# venting heat.....



## chadnliz (Feb 12, 2010)

My new Projector puts out some serious heat and its not a huge deal as I have independent AC in my theater room but still I would like to vent heat up into drop ceiling. What I was thinking is use the 12v trigger on the Projector or wire it to plug and simply place a high quality rack vent in ceiling above where projector vents so it would suck the heat up into the 12in drop space. This would be an idea to avoid an ugly look and it would be quiet aswell as many fans have variable speed voltage. Has anyone done this? For the record it a Sony "Ruby" that vents from rear and its heat output measures 99.3 in eco mode. 
Thanks


----------



## lsiberian (Mar 24, 2009)

chadnliz said:


> My new Projector puts out some serious heat and its not a huge deal as I have independent AC in my theater room but still I would like to vent heat up into drop ceiling. What I was thinking is use the 12v trigger on the Projector or wire it to plug and simply place a high quality rack vent in ceiling above where projector vents so it would suck the heat up into the 12in drop space. This would be an idea to avoid an ugly look and it would be quiet aswell as many fans have variable speed voltage. Has anyone done this? For the record it a Sony "Ruby" that vents from rear and its heat output measures 99.3 in eco mode.
> Thanks


Projector heat is a part of life(great for the heating bill, bad for the AC bill) However heating tends to be more expensive than cooling. Still I'd think a quiet fan above the projector venting heat out of the room might be nice.


----------



## Prof. (Oct 20, 2006)

chadnliz said:


> My new Projector puts out some serious heat and its not a huge deal as I have independent AC in my theater room but still I would like to vent heat up into drop ceiling. What I was thinking is use the 12v trigger on the Projector or wire it to plug and simply place a high quality rack vent in ceiling above where projector vents so it would suck the heat up into the 12in drop space. This would be an idea to avoid an ugly look and it would be quiet aswell as many fans have variable speed voltage. Has anyone done this? For the record it a Sony "Ruby" that vents from rear and its heat output measures 99.3 in eco mode.
> Thanks


I had a heat problem in my small theatre, from both the equipment rack (which was in the room ) and the projector..So I mounted two good quality 10" exhaust fans in the ceiling..one near the screen (where the gear used to be ) and one directly above the projector..Both wired to a variable speed controller..
They were originally white so I just sprayed them matt black..

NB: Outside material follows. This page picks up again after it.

(* Let $\bar x \in \mathrm{dom}\,\psi$, let $A>0$, and let $T = T_A(\bar x)$. Then for all $y \in \mathrm{dom}\,\psi$, $$M_A(\bar x, y) \;\geq\; M_A(\bar x) + \tfrac12 \langle \nabla^2 f(\bar x)(y - T), y - T\rangle + \tfrac12 \sigma A \|y - T\|^2 .$$ Moreover, $$\|T_A(\bar x) - \bar x\| \;\leq\; \frac{1}{\sigma A}\, \|F'(\bar x)\|_*,$$ where $F'(\bar x) = \nabla f(\bar x) + \psi'(\bar x)$ and $\psi'(\bar x)$ is an arbitrary element of $\partial\psi(\bar x)$.
   Context: $\mathbb{E}$ is a finite-dimensional real vector space with an arbitrary norm $\|\cdot\|$; $\mathbb{E}^*$ is its dual space with dual norm $\|g\|_* = \max\{\langle g, x\rangle : \|x\|\le 1\}$. We consider $F(x) = f(x) + \psi(x)$, where $\psi$ is a closed convex function with $\mathrm{dom}\,\psi \subseteq \mathbb{E}$ and $f$ is a convex, twice continuously differentiable function. The scaling function $d$ is differentiable and satisfies, for some $\sigma \in (0,1]$ and all $x, y \in \mathrm{dom}\,\psi$: $d(y) \ge d(x) + \langle \nabla d(x), y - x\rangle + \frac{\sigma}{2}\|y-x\|^2$ and $\|\nabla d(x) - \nabla d(y)\|_* \le \|x - y\|$. The Bregman distance is $\rho(x,y) = d(y) - d(x) - \langle \nabla d(x), y - x\rangle$. For $\bar x \in \mathrm{dom}\,\psi$ and $A > 0$ define $$M_A(\bar x, y) = f(\bar x) + \langle \nabla f(\bar x), y - \bar x\rangle + \tfrac12\langle \nabla^2 f(\bar x)(y-\bar x), y - \bar x\rangle + A\rho(\bar x, y) + \psi(y),$$ $T_A(\bar x) = \arg\min_{y \in \mathrm{dom}\,\psi} M_A(\bar x, y)$, and $M_A(\bar x) = M_A(\bar x, T_A(\bar x))$. *)

theory Defs
  imports "HOL-Analysis.Analysis"
begin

You don't even notice them with the dark ceiling colour, and the only time I hear them running is when there's a very quiet moment in a movie..

One of the advantages of having an exhaust fan near the projector is that if the projector suddenly shuts down without the cooling down period (power failure etc.) the exhaust fan takes the heat away from the lamp very effectively..:T


----------



## chadnliz (Feb 12, 2010)

Thanks fopr the post guys, I have had more than one Projector but this one is much hotter so while I know its part of the deal I still want to try some solution. I have 4 amps and 3 of them run class A so between those and tube gear, processor, cable box it adds up. I like the second idea for summer, winter the heat would be welcome. I do like your point about power failure but I long ago added a battery APEX backup for cooling things down in a power outage. Next month I am going Natural gas whole house generator with 10 second switch time max. Again thanks, I like the fan solution listed above and may well try that!


----------



## Prof. (Oct 20, 2006)

I also have a UPS..and on one occasion it failed..The backup battery was low..
These things do happen from time to time!!


----------



## chadnliz (Feb 12, 2010)

Prof. said:


> I also have a UPS..and on one occasion it failed..The backup battery was low..
> These things do happen from time to time!!

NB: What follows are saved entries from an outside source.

(* Fix $n\ge 3$, and assume that for all positive integers $w_1,\ldots,w_{n-1}$ one has either $\mathrm{ML}(w_1,\ldots,w_{n-1})=\frac{s}{(n-1)s+1}$ for some $s\in\mathbb{N}$ or $\mathrm{ML}(w_1,\ldots,w_{n-1})\ge\frac{1}{n-1}$. Let $v_1<\cdots<v_{n-1}$ be positive integers with $\mathrm{ML}(v_1,\ldots,v_{n-1})=L>\frac1n$. Then $\mathrm{ML}(v_1,\ldots,v_n)\ge\frac1n$ for every positive integer $v_n$ with $v_n\ge(2n-1)v_{n-1}$.
   Context: For a real number $x$, $\Vert x\Vert$ denotes the distance from $x$ to the nearest integer. For positive integers $v_1,\ldots,v_k$, the maximum loneliness is $\mathrm{ML}(v_1,\ldots,v_k)=\max_{t\in\mathbb{R}}\min_{1\le i\le k}\Vert t v_i\Vert$. Here $\mathbb{N}=\{1,2,3,\ldots\}$. *)

theory Defs
  imports Complex_Main
begin

definition nint_dist :: "real \<Rightarrow> real" where
  "nint_dist x = \<bar>x - real_of_int (round x)\<bar>"

text \<open>Maximum loneliness of v 1, ..., v k (the maximum is attained, so it equals the supremum).\<close>
definition max_loneliness :: "nat \<Rightarrow> (nat \<Rightarrow> nat) \<Rightarrow> real" where
  "max_loneliness k v = (SUP t::real. Min ((\<lambda>i. nint_dist (t * real (v i))) ` {1..k}))"

end

theory Submission
  imports Defs
begin

text \<open>The values \<open>s/((n-1)s+1)\<close> exceed \<open>1/n\<close> only for \<open>s \<ge> 2\<close>, so the hypothesis on
  \<open>n - 1\<close> speeds and \<open>L > 1/n\<close> force \<open>L \<ge> 2/(2n-1)\<close>, leaving a slack \<open>L - 1/n \<ge> 1/(n(2n-1))\<close>.
  Start at an almost optimal time \<open>t\<^sub>0\<close> for \<open>v\<^sub>1, \<dots>, v\<^sub>n\<^sub>-\<^sub>1\<close>. Moving \<open>t\<close> by at most
  \<open>h = (L - 1/n)/v\<^sub>n\<^sub>-\<^sub>1\<close> keeps all of them at distance \<open>\<ge> 1/n\<close> from the integers, while
  \<open>t v\<^sub>n\<close> sweeps an interval of length \<open>2 h v\<^sub>n \<ge> 2/n\<close>, which must contain a point at
  distance \<open>\<ge> 1/n\<close> from the integers.\<close>

lemma nint_dist_le: "nint_dist x \<le> \<bar>x - of_int m\<bar>"
  unfolding nint_dist_def by (rule round_diff_minimal)

lemma nint_dist_nonneg: "0 \<le> nint_dist x"
  unfolding nint_dist_def by simp

lemma nint_dist_le_half: "nint_dist x \<le> 1/2"
  unfolding nint_dist_def using of_int_round_ge[of x] of_int_round_le[of x] by linarith

lemma nint_dist_lipschitz: "nint_dist x \<le> nint_dist y + \<bar>x - y\<bar>"
proof -
  have "nint_dist x \<le> \<bar>x - of_int (round y)\<bar>" by (rule nint_dist_le)
  also have "\<dots> \<le> nint_dist y + \<bar>x - y\<bar>" unfolding nint_dist_def by linarith
  finally show ?thesis .
qed

lemma nint_dist_of_int_add:
  assumes "0 \<le> c" "c \<le> 1/2"
  shows "nint_dist (of_int k + c) = c"
proof -
  let ?r = "round (of_int k + c)"
  have "?r \<le> k \<or> k + 1 \<le> ?r" by linarith
  then consider "real_of_int ?r \<le> of_int k" | "of_int k + 1 \<le> real_of_int ?r"
    by (metis of_int_1 of_int_add of_int_le_iff)
  then have "c \<le> \<bar>of_int k + c - of_int ?r\<bar>"
    by cases (use assms in linarith)+
  then have "c \<le> nint_dist (of_int k + c)" unfolding nint_dist_def .
  moreover have "nint_dist (of_int k + c) \<le> c"
    using nint_dist_le[of "of_int k + c" k] assms by simp
  ultimately show ?thesis by linarith
qed

lemma interval_contains_far_from_integers:
  assumes "c \<le> 1/2" "2 * c \<le> l" "0 \<le> l"
  shows "\<exists>x. a \<le> x \<and> x \<le> a + l \<and> c \<le> nint_dist x"
proof (cases "c \<le> nint_dist a")
  case True
  with assms show ?thesis by (intro exI[of _ a]) auto
next
  case False
  then have "0 < c" using nint_dist_nonneg[of a] by linarith
  moreover have "\<bar>a - of_int (round a)\<bar> < c" using False unfolding nint_dist_def by simp
  ultimately show ?thesis
    using assms nint_dist_of_int_add[of c "round a"] by (intro exI[of _ "of_int (round a) + c"]) auto
qed

lemma bdd_above_loneliness:
  fixes k :: nat and v :: "nat \<Rightarrow> nat"
  assumes "1 \<le> k"
  shows "bdd_above (range (\<lambda>t. Min ((\<lambda>i. nint_dist (t * real (v i))) ` {1..k})))"
proof (rule bdd_aboveI2)
  fix t
  have "Min ((\<lambda>i. nint_dist (t * real (v i))) ` {1..k}) \<le> nint_dist (t * real (v 1))"
    using assms by (intro Min_le) auto
  also have "\<dots> \<le> 1/2" by (rule nint_dist_le_half)
  finally show "Min ((\<lambda>i. nint_dist (t * real (v i))) ` {1..k}) \<le> 1/2" .
qed

lemma max_loneliness_ge:
  fixes v :: "nat \<Rightarrow> nat"
  assumes "1 \<le> k" "\<forall>i\<in>{1..k}. c \<le> nint_dist (t * real (v i))"
  shows "c \<le> max_loneliness k v"
proof -
  have "c \<le> Min ((\<lambda>i. nint_dist (t * real (v i))) ` {1..k})"
    using assms by (subst Min_ge_iff) auto
  also have "\<dots> \<le> max_loneliness k v"
    unfolding max_loneliness_def by (rule cSUP_upper[OF UNIV_I bdd_above_loneliness[OF assms(1)]])
  finally show ?thesis .
qed

lemma less_max_loneliness_imp:
  fixes v :: "nat \<Rightarrow> nat"
  assumes "1 \<le> k" "x < max_loneliness k v"
  shows "\<exists>t. \<forall>i\<in>{1..k}. x < nint_dist (t * real (v i))"
proof -
  obtain t where "x < Min ((\<lambda>i. nint_dist (t * real (v i))) ` {1..k})"
    using assms less_cSUP_iff[OF _ bdd_above_loneliness[OF assms(1)]]
    unfolding max_loneliness_def by auto
  then show ?thesis using assms(1) by (subst (asm) Min_gr_iff) auto
qed

lemma lonely_time_extend:
  fixes v :: "nat \<Rightarrow> nat"
  assumes far: "\<forall>i\<in>{1..k}. c + d \<le> nint_dist (t\<^sub>0 * real (v i))"
    and bound: "\<forall>i\<in>{1..k}. real (v i) \<le> V" and "0 < V" "0 \<le> d"
    and "c \<le> 1/2" and window: "c * V \<le> d * real (v (Suc k))" and "0 < v (Suc k)"
  shows "\<exists>t. \<forall>i\<in>{1..Suc k}. c \<le> nint_dist (t * real (v i))"
proof -
  define h where "h = d / V"
  define u where "u = real (v (Suc k))"
  have "0 \<le> h" "0 < u" using assms unfolding h_def u_def by auto
  have "c \<le> h * u" using window \<open>0 < V\<close> unfolding h_def u_def by (simp add: field_simps)
  then obtain x where x: "(t\<^sub>0 - h) * u \<le> x" "x \<le> (t\<^sub>0 - h) * u + 2 * h * u" "c \<le> nint_dist x"
    using interval_contains_far_from_integers[OF \<open>c \<le> 1/2\<close>, of "2 * h * u" "(t\<^sub>0 - h) * u"]
      \<open>0 \<le> h\<close> \<open>0 < u\<close> by auto
  define t where "t = x / u"
  have "t\<^sub>0 - h \<le> t" "t \<le> t\<^sub>0 + h" using x \<open>0 < u\<close> unfolding t_def by (simp_all add: field_simps)
  then have "\<bar>t\<^sub>0 - t\<bar> \<le> h" by linarith
  have "c \<le> nint_dist (t * real (v i))" if i: "i \<in> {1..k}" for i
  proof -
    have "\<bar>t\<^sub>0 * real (v i) - t * real (v i)\<bar> = \<bar>t\<^sub>0 - t\<bar> * real (v i)"
      by (simp flip: left_diff_distrib add: abs_mult)
    also have "\<dots> \<le> h * V" using \<open>\<bar>t\<^sub>0 - t\<bar> \<le> h\<close> bound i \<open>0 \<le> h\<close> by (intro mult_mono) auto
    also have "\<dots> = d" using \<open>0 < V\<close> unfolding h_def by simp
    finally have "\<bar>t\<^sub>0 * real (v i) - t * real (v i)\<bar> \<le> d" .
    moreover have "c + d \<le> nint_dist (t\<^sub>0 * real (v i))" using far i by blast
    ultimately show ?thesis
      using nint_dist_lipschitz[of "t\<^sub>0 * real (v i)" "t * real (v i)"] by linarith
  qed
  moreover have "c \<le> nint_dist (t * real (v (Suc k)))"
    using x \<open>0 < u\<close> unfolding t_def u_def by simp
  ultimately show ?thesis by (auto simp: atLeastAtMostSuc_conv)
qed

lemma max_loneliness_Suc_ge:
  fixes v :: "nat \<Rightarrow> nat"
  assumes "1 \<le> k" and "\<forall>i\<in>{1..k}. real (v i) \<le> V" "0 < V"
    and "c \<le> 1/2" "c < max_loneliness k v"
    and "c * V \<le> (max_loneliness k v - c) * real (v (Suc k))" "0 < v (Suc k)"
  shows "c \<le> max_loneliness (Suc k) v"
proof (rule dense_le)
  fix c' assume "c' < c"
  define d where "d = max_loneliness k v - c"
  have "0 < d" using assms(5) unfolding d_def by simp
  obtain t\<^sub>0 where "\<forall>i\<in>{1..k}. c' + d < nint_dist (t\<^sub>0 * real (v i))"
    using less_max_loneliness_imp[of k "c' + d" v] \<open>1 \<le> k\<close> \<open>c' < c\<close> unfolding d_def by auto
  then have far: "\<forall>i\<in>{1..k}. c' + d \<le> nint_dist (t\<^sub>0 * real (v i))" by (simp add: less_imp_le)
  have window: "c' * V \<le> d * real (v (Suc k))"
  proof -
    have "c' * V \<le> c * V" using \<open>c' < c\<close> \<open>0 < V\<close> by simp
    then show ?thesis using assms(6) unfolding d_def by linarith
  qed
  have "c' \<le> 1/2" using assms(4) \<open>c' < c\<close> by linarith
  obtain t where "\<forall>i\<in>{1..Suc k}. c' \<le> nint_dist (t * real (v i))"
    using lonely_time_extend[OF far assms(2,3) less_imp_le[OF \<open>0 < d\<close>] \<open>c' \<le> 1/2\<close> window assms(7)]
    by blast
  then show "c' \<le> max_loneliness (Suc k) v" by (rule max_loneliness_ge[rotated]) simp
qed

lemma loneliness_dichotomy_slack:
  fixes n :: nat and L :: real
  assumes "2 \<le> n" "1 / real n < L"
    and "(\<exists>s::nat. s \<ge> 1 \<and> L = real s / (real (n-1) * real s + 1)) \<or> 1 / real (n-1) \<le> L"
  shows "1 / (real n * (2 * real n - 1)) \<le> L - 1 / real n"
proof -
  have n: "real (n - 1) = real n - 1" "2 \<le> real n" using assms(1) by auto
  from assms(3) have "2 / (2 * real n - 1) \<le> L"
  proof
    assume "\<exists>s::nat. s \<ge> 1 \<and> L = real s / (real (n-1) * real s + 1)"
    then obtain s :: nat where Ls: "L = real s / ((real n - 1) * real s + 1)" using n(1) by auto
    have "0 \<le> (real n - 1) * real s" using n(2) by simp
    then have pos: "0 < (real n - 1) * real s + 1" by linarith
    then have "(real n - 1) * real s + 1 < real s * real n"
      using assms(2) n(2) unfolding Ls by (simp add: field_simps)
    then have "2 \<le> real s" by (simp add: algebra_simps)
    then show ?thesis using n(2) pos unfolding Ls by (simp add: field_simps)
  next
    assume "1 / real (n-1) \<le> L"
    moreover have "2 / (2 * real n - 1) \<le> 1 / (real n - 1)" using n(2) by (simp add: field_simps)
    ultimately show ?thesis unfolding n(1) by linarith
  qed
  moreover have "2 / (2 * real n - 1) - 1 / real n = 1 / (real n * (2 * real n - 1))"
    using n(2) by (simp add: field_simps)
  ultimately show ?thesis by linarith
qed

lemma strict_mono_on_interval_le:
  assumes "\<forall>i. 1 \<le> i \<and> i < m \<longrightarrow> v i < v (Suc i)" "1 \<le> i" "i \<le> j" "j \<le> m"
  shows "v i \<le> (v j :: nat)"
  using assms(3,4)
proof (induction j rule: dec_induct)
  case (step j)
  then have "v j < v (Suc j)" using assms(1,2) by simp
  then show ?case using step by simp
qed simp

theorem lemma8p5:
  fixes n :: nat and v :: "nat \<Rightarrow> nat" and L :: real
  assumes "n \<ge> 3"
    and "\<forall>w :: nat \<Rightarrow> nat. (\<forall>i\<in>{1..n-1}. w i > 0) \<longrightarrow>
           (\<exists>s::nat. s \<ge> 1 \<and> max_loneliness (n-1) w = real s / (real (n-1) * real s + 1))
           \<or> max_loneliness (n-1) w \<ge> 1 / real (n-1)"
    and "\<forall>i\<in>{1..n-1}. v i > 0"
    and "\<forall>i. 1 \<le> i \<and> i < n-1 \<longrightarrow> v i < v (Suc i)"
    and "max_loneliness (n-1) v = L"
    and "L > 1 / real n"
    and "v n > 0"
    and "v n \<ge> (2*n-1) * v (n-1)"
  shows "max_loneliness n v \<ge> 1 / real n"
proof -
  have n: "3 \<le> real n" "Suc (n - 1) = n" "2 \<le> n" using assms(1) by auto
  have "(\<exists>s::nat. s \<ge> 1 \<and> L = real s / (real (n-1) * real s + 1)) \<or> 1 / real (n-1) \<le> L"
    using assms(2,3) unfolding assms(5)[symmetric] by blast
  with n(3) assms(6) have slack: "1 / (real n * (2 * real n - 1)) \<le> L - 1 / real n"
    by (rule loneliness_dichotomy_slack)
  define V where "V = real (v (n - 1))"
  have "real ((2 * n - 1) * v (n - 1)) \<le> real (v n)" using assms(8) by linarith
  then have vn: "(2 * real n - 1) * V \<le> real (v n)" using assms(1) by (simp add: V_def of_nat_diff)
  have "1 / real n * V = 1 / (real n * (2 * real n - 1)) * ((2 * real n - 1) * V)"
    using n(1) by (simp add: field_simps)
  also have "\<dots> \<le> (L - 1 / real n) * real (v n)"
  proof (rule mult_mono[OF slack vn])
    show "0 \<le> L - 1 / real n" using assms(6) by linarith
    show "0 \<le> (2 * real n - 1) * V" using n(1) unfolding V_def by simp
  qed
  finally have window: "1 / real n * V \<le> (L - 1 / real n) * real (v (Suc (n - 1)))"
    by (simp only: n(2))
  have "\<forall>i\<in>{1..n-1}. real (v i) \<le> V"
    using strict_mono_on_interval_le[OF assms(4)] unfolding V_def by simp
  moreover have "0 < V" using assms(1,3) unfolding V_def by simp
  moreover have "1 / real n \<le> 1/2" using n(1) by simp
  moreover have "1 \<le> n - 1" "0 < v (Suc (n - 1))" using assms(1,7) n(2) by simp_all
  ultimately have "1 / real n \<le> max_loneliness (Suc (n - 1)) v"
    using max_loneliness_Suc_ge[of "n - 1" v V "1 / real n", unfolded assms(5)] window assms(6)
    by blast
  then show ?thesis by (simp only: n(2))
qed

end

I have other gear hooked up to APEX and test it weekly or so without Projector on to verify that exact potential issue and so far so good but good lookin out! After the generator goes in it will be less of a worry but still a good back up plan........it saved me twice in last 3 years with cooling fan power during a outage in my rural home. cheers


----------



## Prof. (Oct 20, 2006)

I also live in a rural area, with very old rarely serviced power lines...
The UPS has saved me on several occasions...but for one time..
I should have been doing regular tests on my unit as well!! :R


----------